Masyarakat urban zaman ini pasti punya lebih dari satu nomor rekening. Padahal mereka tahu makin hari buat rekening ribetnya makin menjadi.
Yang paling baru dan absurd menurut saya kenyataan untuk perseorangan sekarang kalau mau buka rekening baru harus punya telepon rumah (fixed phone). Sementara sekarang orang pakai ponsel, telepon genggam (handphone).
Jadilah orang kampung semacam saya yang tidak punya telepon rumah kelimpungan untuk sekadar mau menabung. Ya harus ditanya nomor kantor, nomor saudara, pokoknya kalau saya mau buka rekening harus ada telepon rumah.
Maka jadilah saya akal-akalan, yah ga akal-akalan juga sih, saya harus pinjam nomor telepon kawan yang saya hapal sejak kecil.
Padahal sayakan bukan lembaga survei yang memalsukan alamat apalagi nomor telepon untuk menggiring masyarakat bahwa capres yang menang si J atau si P. Apalagi saya ga mungkinlah yah, mau transfer uang buat beli bahan bom cuma karena pas saya buka rekening saya pake sorban untuk kerudung saya.

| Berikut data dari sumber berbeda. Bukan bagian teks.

lemma card_long_cycle_edges_F'_less: "card (long_cycle_edges V F') < card (long_cycle_edges V F)"
proof -
  let ?L = "long_cycle_edges V F"
  have fin: "finite ?L" using finite_F unfolding long_cycle_edges_def by simp
  have two: "{{a, b}, {b, x}} \<subseteq> ?L"
    using cycle_edges_subset_long_cycle_edges cycle_edges_cycle by auto
  have "{a, x} \<notin> ?L" using chord_notin_F unfolding long_cycle_edges_def by blast
  moreover have "card {{a, b}, {b, x}} = 2" using distinct_cycle by (auto simp: doubleton_eq_iff)
  ultimately have "card (insert {a, x} (?L - {{a, b}, {b, x}})) < card ?L"
    using fin two card_mono[OF fin two] by (simp add: card_Diff_subset)
  moreover have "card (long_cycle_edges V F') \<le> card (insert {a, x} (?L - {{a, b}, {b, x}}))"
    using fin long_cycle_edges_F'_subset by (intro card_mono) auto
  ultimately show ?thesis by linarith
qed

end

lemma chordal_spanning_cactus_shorten_long_cycle:
  assumes g: "graph V E" and ch: "chordal V E" and F: "spanning_cactus V E F"
    and c: "is_cycle V F c" and len: "4 \<le> length c"
  obtains F' where "spanning_cactus V E F'" "card F' = card F"
    "card (long_cycle_edges V F') < card (long_cycle_edges V F)"
proof -
  have "F \<subseteq> E" "cactus V F" using F by (auto simp: spanning_cactus_def)
  then have "is_cycle V E c" using c by (auto simp: is_cycle_def)
  then obtain i where i: "i + 2 < length c" "{c ! i, c ! (i + 2)} \<in> E"
    using chordal_cycle_short_chord[OF g ch _ len] by blast
  define l where "l = rotate i c"
  have "Suc (Suc (Suc (Suc 0))) \<le> length l" using len unfolding l_def by simp
  then obtain a b x r where abxr: "rotate i c = a # b # x # r" "r \<noteq> []"
    unfolding l_def[symmetric] by (auto simp: Suc_le_length_iff)
  have "a = c ! i" "x = c ! (i + 2)"
    using nth_rotate[of 0 c i] nth_rotate[of 2 c i] abxr(1) i(1)
    by (simp_all, fastforce)
  then interpret cactus_chord_exchange V E F a b x r
    using g \<open>cactus V F\<close> \<open>F \<subseteq> E\<close> is_cycle_rotate[OF c, of i] abxr i(2)
    by unfold_locales simp_all
  show thesis
    using that cactus_F' F'_subset card_F' card_long_cycle_edges_F'_less
    by (simp add: spanning_cactus_def)
qed

theorem mainTheorem9:
  fixes V :: "'a set" and E :: "'a set set"
  assumes "graph V E" and "connected_graph V E" and "chordal V E"
  shows "\<exists>F. spanning_cactus V E F \<and>
             (\<forall>F'. spanning_cactus V E F' \<longrightarrow> card F' \<le> card F) \<and>
             (\<forall>c. is_cycle V F c \<longrightarrow> length c = 3)"
proof -
  have bound: "\<forall>F. spanning_cactus V E F \<longrightarrow> card F < Suc (card E)"
    using graph_finite_edges[OF assms(1)]
    by (auto simp: spanning_cactus_def intro!: le_imp_less_Suc card_mono)
  obtain F1 where "spanning_cactus V E F1" using spanning_cactus_exists[OF assms(1,2)] ..
  then obtain F0 where F0: "spanning_cactus V E F0"
    and max: "\<forall>F. spanning_cactus V E F \<longrightarrow> card F \<le> card F0"
    using Lattices_Big.ex_has_greatest_nat[OF _ bound] by blast
  obtain F where F: "spanning_cactus V E F" "card F = card F0"
    and min: "\<And>G. spanning_cactus V E G \<and> card G = card F0 \<Longrightarrow>
      card (long_cycle_edges V F) \<le> card (long_cycle_edges V G)"
    using ex_has_least_nat[of "\<lambda>F. spanning_cactus V E F \<and> card F = card F0" F0
        "\<lambda>F. card (long_cycle_edges V F)"] F0 by blast
  have "length c = 3" if c: "is_cycle V F c" for c
  proof (rule ccontr)
    assume "length c \<noteq> 3"
    then have "4 \<le> length c" using c by (auto simp: is_cycle_def)
    then obtain F' where "spanning_cactus V E F'" "card F' = card F"
      "card (long_cycle_edges V F') < card (long_cycle_edges V F)"
      using chordal_spanning_cactus_shorten_long_cycle[OF assms(1,3) F(1) c] by blast
    then show False using min[of F'] F(2) by simp
  qed
  then show ?thesis using F max by auto
qed

end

Tapi bukankah ini Indonesia, kalau bisa absurd kenapa harus normal?
Keabsurdan lain adalah perkara nama ibu kandung. Zaman sekarang, saat privasi hampir takada lagi, bukankah nama ibu adalah perkara mudah untuk diketahui.
Misalnya saja, seorang kawan di laman Facebooknya menulis nama seluruh keluarganya. Jadi buat apalagi sih nama ibu kandung ini?
Keribetan lain pemilik nomor rekening bisa punya aplikasi melalui layanan pesan singkat hingga internet tapiiiiii, pas ada masalah ujung-ujungnya harus balik ke bank tempat anda buka nomor rekening.
Okelah kalau semua keribetan ini berbanding lurus dengan keamanan dan pelayanan. Pada kenyataannya ada bank-bank yang bahkan sepi mbak telernya masih jutek aja. ATM tidak sering rusak atau masalah-masalah lainnya yang absurdnya kayak para pejabat negara ini.
Tapi toh pada kenyataannya menabung si bank adalah modern, padahal bukan untung yang saya dapet yang ada malah potongan. Apalah arti manusia zaman ini tanpa kartu yang bisa mereka gesek?